(AVAILABLE RECORDS)
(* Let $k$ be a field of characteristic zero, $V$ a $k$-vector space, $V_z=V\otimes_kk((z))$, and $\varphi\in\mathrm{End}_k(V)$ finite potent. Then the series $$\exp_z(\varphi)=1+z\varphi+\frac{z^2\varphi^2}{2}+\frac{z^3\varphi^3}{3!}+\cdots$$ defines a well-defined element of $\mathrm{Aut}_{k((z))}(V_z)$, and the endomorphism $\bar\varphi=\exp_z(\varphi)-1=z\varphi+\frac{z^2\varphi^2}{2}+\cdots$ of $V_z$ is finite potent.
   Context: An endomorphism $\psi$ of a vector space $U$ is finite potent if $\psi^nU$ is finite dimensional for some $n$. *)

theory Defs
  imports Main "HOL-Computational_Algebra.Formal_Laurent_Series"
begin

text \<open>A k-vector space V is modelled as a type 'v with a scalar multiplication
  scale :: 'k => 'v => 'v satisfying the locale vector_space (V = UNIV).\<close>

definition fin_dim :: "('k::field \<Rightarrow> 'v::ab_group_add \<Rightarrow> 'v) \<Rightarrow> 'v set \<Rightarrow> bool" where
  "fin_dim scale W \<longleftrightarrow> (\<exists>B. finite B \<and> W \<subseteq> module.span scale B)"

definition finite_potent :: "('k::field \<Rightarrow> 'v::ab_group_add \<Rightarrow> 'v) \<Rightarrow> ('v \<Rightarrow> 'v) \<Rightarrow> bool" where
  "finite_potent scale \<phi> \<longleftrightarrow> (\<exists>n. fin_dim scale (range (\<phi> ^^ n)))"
(End AVAILABLE RECORDS)
(AVAILABLE RECORDS)
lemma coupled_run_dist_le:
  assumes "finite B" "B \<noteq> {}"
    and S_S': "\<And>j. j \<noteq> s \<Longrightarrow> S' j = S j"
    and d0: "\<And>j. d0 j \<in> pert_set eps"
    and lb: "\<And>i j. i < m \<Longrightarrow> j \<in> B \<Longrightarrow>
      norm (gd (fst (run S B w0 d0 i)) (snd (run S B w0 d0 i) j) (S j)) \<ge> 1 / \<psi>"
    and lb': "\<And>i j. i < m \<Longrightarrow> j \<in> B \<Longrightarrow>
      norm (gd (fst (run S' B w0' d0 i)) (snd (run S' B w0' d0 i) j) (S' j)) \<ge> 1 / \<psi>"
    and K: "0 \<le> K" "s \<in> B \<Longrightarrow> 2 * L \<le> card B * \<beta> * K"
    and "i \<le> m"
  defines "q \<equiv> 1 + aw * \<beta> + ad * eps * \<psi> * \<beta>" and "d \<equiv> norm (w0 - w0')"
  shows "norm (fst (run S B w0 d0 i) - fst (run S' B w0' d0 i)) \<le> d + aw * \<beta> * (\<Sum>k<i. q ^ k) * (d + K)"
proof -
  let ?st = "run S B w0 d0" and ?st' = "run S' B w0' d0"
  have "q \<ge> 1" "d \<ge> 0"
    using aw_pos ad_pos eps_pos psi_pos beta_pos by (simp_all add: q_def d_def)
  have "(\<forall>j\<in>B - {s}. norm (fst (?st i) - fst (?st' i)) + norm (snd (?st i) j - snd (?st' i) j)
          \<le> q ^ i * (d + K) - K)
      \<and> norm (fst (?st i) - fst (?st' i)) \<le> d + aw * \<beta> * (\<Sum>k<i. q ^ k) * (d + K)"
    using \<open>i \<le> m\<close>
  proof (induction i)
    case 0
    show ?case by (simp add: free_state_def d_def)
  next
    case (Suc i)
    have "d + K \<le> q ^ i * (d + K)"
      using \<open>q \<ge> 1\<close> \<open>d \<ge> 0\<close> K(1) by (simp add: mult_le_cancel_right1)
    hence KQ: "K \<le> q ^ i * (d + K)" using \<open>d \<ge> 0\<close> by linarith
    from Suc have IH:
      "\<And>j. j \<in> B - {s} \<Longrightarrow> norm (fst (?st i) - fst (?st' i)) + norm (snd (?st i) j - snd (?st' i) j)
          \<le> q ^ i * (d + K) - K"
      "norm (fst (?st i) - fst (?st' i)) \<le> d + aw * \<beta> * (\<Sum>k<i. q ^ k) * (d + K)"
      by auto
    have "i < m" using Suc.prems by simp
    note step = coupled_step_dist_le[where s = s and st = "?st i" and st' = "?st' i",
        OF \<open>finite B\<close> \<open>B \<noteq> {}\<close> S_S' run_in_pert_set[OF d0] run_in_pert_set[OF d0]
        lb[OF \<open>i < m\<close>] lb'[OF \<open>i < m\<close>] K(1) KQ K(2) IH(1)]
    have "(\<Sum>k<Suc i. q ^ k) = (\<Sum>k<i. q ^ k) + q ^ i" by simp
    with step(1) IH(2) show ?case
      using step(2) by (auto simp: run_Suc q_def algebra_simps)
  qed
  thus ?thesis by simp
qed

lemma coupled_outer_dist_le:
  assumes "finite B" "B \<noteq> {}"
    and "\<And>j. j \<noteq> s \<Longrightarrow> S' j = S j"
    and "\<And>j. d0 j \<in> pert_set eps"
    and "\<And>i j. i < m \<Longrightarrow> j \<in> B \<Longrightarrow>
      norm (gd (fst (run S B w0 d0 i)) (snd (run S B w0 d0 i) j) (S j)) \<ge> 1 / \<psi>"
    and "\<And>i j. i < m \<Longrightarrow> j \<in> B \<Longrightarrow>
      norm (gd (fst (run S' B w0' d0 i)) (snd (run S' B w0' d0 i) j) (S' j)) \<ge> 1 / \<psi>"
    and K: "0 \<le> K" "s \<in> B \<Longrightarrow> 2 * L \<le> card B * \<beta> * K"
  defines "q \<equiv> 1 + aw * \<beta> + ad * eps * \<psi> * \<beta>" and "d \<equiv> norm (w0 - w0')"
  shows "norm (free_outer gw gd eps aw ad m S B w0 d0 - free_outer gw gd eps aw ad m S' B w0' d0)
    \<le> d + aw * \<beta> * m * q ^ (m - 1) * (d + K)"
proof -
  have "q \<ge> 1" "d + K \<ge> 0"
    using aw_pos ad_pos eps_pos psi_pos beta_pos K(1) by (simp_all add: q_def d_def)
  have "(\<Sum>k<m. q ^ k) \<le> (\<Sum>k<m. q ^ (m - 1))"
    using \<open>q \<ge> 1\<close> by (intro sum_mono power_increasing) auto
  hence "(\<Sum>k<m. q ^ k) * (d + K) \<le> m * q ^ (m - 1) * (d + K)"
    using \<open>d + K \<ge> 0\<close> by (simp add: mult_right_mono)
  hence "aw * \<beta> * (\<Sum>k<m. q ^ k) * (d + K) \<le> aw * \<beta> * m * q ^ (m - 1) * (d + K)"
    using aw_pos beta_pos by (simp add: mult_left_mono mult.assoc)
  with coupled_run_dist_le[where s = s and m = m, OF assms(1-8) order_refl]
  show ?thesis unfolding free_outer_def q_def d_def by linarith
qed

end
(End AVAILABLE RECORDS)
• [REQUIRED ACTION] Within the entries, count the lines containing the string "scale" and state nothing but the result.

• [SOLUTION TO THE PROBLEM] 3